**The problem**
Pull every line containing the word "obtain" from the records.

====== Data extract ======

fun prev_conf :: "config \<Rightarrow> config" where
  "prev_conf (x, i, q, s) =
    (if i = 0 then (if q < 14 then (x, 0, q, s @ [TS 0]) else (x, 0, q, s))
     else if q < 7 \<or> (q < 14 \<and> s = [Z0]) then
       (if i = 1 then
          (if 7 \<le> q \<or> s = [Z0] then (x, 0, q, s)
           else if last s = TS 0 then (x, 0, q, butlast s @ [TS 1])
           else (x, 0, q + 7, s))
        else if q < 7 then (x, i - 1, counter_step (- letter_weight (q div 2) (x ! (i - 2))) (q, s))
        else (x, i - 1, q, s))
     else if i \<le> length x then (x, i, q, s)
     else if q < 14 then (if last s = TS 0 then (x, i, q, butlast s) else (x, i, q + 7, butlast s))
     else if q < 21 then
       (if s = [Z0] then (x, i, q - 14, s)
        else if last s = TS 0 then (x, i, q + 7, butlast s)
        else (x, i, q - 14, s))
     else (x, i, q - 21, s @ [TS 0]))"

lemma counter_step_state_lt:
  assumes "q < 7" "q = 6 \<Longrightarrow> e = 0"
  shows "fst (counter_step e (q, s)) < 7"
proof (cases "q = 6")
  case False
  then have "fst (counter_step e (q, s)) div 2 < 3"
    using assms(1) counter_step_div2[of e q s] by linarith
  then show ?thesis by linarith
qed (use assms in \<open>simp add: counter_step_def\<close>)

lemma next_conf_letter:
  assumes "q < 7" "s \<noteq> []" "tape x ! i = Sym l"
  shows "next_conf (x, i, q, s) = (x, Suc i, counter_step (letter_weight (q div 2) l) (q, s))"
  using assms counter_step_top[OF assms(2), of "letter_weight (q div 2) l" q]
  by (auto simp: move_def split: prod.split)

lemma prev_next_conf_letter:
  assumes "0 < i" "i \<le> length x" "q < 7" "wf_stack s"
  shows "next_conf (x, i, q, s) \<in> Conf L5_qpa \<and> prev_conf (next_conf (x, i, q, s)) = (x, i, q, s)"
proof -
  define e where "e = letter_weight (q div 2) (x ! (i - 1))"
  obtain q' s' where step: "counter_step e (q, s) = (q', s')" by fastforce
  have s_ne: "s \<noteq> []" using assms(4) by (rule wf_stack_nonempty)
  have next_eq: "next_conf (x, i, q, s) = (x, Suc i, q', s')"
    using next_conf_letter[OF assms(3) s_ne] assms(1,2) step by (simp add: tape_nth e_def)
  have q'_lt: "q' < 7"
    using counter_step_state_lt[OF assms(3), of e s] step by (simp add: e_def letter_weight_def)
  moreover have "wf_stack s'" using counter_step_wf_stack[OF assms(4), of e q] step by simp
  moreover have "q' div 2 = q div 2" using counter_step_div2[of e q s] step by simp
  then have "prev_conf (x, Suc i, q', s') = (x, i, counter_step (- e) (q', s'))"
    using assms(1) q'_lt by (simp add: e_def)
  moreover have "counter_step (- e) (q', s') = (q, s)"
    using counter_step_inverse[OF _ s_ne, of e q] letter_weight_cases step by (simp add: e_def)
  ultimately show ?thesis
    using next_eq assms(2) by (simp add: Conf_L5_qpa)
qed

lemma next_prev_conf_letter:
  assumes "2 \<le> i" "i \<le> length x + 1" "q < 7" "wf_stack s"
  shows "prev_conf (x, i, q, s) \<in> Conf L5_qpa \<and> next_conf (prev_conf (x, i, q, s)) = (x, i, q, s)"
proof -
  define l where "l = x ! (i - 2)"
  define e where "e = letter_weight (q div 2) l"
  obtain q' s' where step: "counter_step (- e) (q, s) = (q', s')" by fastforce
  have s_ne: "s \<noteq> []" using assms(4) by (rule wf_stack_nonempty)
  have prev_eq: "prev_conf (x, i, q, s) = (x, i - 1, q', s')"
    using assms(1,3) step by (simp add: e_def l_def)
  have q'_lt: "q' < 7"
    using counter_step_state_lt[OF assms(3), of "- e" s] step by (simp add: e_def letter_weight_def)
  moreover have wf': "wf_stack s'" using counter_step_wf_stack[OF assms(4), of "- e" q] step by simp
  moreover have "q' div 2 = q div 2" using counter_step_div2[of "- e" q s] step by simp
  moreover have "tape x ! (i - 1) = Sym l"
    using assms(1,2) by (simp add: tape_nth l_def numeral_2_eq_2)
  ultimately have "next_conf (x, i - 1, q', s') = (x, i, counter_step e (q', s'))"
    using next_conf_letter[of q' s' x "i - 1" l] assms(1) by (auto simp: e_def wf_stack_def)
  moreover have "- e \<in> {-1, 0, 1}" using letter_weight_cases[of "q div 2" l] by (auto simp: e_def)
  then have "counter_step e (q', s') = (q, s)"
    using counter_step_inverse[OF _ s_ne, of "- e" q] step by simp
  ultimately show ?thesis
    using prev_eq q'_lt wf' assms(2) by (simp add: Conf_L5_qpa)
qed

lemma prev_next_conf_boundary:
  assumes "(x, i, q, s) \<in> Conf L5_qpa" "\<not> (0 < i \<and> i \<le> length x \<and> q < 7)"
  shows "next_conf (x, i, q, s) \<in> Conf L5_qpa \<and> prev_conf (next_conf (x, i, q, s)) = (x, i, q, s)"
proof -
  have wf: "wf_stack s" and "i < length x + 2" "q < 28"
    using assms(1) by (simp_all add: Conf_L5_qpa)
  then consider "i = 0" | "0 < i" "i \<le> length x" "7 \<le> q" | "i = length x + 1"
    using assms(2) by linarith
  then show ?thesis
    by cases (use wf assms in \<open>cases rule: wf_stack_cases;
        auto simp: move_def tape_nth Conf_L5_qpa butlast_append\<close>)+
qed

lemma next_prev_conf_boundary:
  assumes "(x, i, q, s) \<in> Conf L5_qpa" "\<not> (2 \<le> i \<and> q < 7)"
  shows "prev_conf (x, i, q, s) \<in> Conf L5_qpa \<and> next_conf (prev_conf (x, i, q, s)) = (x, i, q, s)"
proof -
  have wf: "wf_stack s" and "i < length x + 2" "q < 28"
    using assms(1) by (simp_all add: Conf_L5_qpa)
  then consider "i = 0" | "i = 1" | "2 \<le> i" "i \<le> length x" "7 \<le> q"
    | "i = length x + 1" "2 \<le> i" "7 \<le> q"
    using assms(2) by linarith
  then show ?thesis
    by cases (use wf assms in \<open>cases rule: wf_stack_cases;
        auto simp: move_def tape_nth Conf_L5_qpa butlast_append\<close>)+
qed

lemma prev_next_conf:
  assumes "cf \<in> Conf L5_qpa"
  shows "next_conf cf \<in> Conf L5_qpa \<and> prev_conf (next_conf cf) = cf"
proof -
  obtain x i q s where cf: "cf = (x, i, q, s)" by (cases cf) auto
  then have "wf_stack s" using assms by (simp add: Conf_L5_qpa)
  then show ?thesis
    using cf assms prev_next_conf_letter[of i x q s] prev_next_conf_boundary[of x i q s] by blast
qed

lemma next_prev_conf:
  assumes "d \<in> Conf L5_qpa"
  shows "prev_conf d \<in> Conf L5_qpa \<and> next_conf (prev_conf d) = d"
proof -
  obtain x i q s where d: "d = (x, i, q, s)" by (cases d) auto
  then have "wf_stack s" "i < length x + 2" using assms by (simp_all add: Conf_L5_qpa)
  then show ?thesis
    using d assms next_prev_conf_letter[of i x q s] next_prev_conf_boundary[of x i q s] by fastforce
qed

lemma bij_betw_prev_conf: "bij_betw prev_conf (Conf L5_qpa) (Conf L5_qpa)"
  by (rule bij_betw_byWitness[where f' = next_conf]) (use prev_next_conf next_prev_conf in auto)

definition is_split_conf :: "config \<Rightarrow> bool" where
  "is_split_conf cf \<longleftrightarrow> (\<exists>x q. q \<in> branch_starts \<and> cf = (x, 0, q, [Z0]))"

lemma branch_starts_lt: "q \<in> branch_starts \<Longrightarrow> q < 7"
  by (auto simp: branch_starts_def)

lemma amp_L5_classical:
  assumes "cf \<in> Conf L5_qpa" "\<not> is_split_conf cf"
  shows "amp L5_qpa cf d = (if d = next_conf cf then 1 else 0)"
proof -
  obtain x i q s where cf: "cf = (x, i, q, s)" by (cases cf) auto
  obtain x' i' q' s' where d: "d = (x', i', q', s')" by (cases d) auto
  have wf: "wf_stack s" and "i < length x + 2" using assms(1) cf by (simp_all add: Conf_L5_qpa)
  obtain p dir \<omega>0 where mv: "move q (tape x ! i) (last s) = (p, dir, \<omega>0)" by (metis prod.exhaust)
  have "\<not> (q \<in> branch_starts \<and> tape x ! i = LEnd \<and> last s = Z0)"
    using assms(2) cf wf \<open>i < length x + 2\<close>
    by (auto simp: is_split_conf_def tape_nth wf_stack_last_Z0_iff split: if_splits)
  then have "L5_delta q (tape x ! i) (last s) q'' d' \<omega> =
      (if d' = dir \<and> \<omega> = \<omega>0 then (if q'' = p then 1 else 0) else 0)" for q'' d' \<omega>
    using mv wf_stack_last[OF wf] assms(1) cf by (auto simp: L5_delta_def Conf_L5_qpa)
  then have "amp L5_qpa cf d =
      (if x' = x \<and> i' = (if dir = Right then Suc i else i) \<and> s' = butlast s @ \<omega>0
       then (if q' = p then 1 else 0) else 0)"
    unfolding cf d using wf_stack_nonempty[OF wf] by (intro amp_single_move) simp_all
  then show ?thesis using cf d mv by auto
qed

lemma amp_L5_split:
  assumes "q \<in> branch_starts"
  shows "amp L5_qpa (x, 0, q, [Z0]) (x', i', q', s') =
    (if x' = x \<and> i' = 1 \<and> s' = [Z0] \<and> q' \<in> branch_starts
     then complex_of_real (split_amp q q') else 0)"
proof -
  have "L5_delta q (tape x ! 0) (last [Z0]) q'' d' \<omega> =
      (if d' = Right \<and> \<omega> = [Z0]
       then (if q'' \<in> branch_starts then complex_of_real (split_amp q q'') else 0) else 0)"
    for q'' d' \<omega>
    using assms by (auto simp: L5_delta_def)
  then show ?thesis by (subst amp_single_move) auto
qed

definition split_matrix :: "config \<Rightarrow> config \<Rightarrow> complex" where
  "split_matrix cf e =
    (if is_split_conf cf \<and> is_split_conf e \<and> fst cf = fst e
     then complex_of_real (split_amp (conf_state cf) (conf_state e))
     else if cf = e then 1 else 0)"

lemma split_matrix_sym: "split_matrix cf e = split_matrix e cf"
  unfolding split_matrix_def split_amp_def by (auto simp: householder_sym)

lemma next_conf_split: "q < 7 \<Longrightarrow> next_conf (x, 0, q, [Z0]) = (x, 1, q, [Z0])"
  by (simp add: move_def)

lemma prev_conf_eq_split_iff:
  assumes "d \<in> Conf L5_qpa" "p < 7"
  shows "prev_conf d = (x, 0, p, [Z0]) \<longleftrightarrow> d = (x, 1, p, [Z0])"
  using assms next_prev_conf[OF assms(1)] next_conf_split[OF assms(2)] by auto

======
====== Data extract ======

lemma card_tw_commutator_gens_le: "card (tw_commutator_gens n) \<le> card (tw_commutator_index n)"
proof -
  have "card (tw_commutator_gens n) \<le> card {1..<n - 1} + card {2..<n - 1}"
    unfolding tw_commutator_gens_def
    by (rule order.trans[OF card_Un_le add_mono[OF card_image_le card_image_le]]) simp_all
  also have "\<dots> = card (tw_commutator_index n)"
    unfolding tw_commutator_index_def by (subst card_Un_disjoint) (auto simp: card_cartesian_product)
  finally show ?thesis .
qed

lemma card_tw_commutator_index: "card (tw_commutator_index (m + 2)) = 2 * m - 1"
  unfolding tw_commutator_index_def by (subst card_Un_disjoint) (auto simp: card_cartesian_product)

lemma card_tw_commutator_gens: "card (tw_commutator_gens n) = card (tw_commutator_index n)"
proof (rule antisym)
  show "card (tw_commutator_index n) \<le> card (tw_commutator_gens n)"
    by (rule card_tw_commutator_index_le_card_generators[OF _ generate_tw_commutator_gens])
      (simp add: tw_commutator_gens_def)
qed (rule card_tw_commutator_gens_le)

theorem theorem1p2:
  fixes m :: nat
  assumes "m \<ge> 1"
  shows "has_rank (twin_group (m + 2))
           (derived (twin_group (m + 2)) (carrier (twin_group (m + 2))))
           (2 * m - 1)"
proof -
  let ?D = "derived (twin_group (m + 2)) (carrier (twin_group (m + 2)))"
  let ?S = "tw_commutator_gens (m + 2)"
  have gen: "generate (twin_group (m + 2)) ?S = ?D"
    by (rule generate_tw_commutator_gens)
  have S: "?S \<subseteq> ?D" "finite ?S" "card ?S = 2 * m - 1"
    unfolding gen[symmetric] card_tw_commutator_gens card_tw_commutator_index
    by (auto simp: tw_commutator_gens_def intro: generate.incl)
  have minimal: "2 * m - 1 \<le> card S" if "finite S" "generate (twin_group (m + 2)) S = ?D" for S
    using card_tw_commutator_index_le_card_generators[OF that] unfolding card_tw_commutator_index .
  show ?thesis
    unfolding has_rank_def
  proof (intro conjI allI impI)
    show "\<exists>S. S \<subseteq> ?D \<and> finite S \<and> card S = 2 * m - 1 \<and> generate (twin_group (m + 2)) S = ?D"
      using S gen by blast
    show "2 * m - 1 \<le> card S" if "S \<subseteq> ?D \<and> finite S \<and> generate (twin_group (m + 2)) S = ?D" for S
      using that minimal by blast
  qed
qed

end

======
====== Data extract ======

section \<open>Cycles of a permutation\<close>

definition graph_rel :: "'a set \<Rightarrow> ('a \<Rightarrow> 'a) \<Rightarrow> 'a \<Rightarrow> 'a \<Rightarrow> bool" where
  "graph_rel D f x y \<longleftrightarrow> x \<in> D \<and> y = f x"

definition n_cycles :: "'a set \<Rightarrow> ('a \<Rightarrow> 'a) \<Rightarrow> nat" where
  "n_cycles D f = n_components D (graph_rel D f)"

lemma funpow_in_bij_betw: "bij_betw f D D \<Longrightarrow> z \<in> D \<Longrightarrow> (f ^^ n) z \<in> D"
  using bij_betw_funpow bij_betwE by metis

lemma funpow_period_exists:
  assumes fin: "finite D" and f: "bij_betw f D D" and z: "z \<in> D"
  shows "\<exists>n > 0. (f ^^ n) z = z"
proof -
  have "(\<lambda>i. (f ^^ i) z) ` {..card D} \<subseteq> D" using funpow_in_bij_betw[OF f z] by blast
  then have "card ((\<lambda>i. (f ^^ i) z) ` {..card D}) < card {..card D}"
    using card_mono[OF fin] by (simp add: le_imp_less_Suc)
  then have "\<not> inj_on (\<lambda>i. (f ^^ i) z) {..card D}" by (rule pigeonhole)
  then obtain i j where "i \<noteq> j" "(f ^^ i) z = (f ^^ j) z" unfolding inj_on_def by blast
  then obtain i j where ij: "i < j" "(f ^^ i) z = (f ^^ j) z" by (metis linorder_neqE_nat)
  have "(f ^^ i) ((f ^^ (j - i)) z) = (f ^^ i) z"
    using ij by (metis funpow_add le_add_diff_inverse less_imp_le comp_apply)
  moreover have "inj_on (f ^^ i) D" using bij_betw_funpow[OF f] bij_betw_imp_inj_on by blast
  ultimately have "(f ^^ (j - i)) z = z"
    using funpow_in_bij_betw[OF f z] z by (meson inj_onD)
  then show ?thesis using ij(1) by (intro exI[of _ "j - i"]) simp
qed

======

**Output below**
  obtain q' s' where step: "counter_step e (q, s) = (q', s')" by fastforce
  obtain q' s' where step: "counter_step (- e) (q, s) = (q', s')" by fastforce
  obtain x i q s where cf: "cf = (x, i, q, s)" by (cases cf) auto
  obtain x i q s where d: "d = (x, i, q, s)" by (cases d) auto
  obtain x i q s where cf: "cf = (x, i, q, s)" by (cases cf) auto
  obtain x' i' q' s' where d: "d = (x', i', q', s')" by (cases d) auto
  obtain p dir \<omega>0 where mv: "move q (tape x ! i) (last s) = (p, dir, \<omega>0)" by (metis prod.exhaust)
  then obtain i j where "i \<noteq> j" "(f ^^ i) z = (f ^^ j) z" unfolding inj_on_def by blast
  then obtain i j where ij: "i < j" "(f ^^ i) z = (f ^^ j) z" by (metis linorder_neqE_nat)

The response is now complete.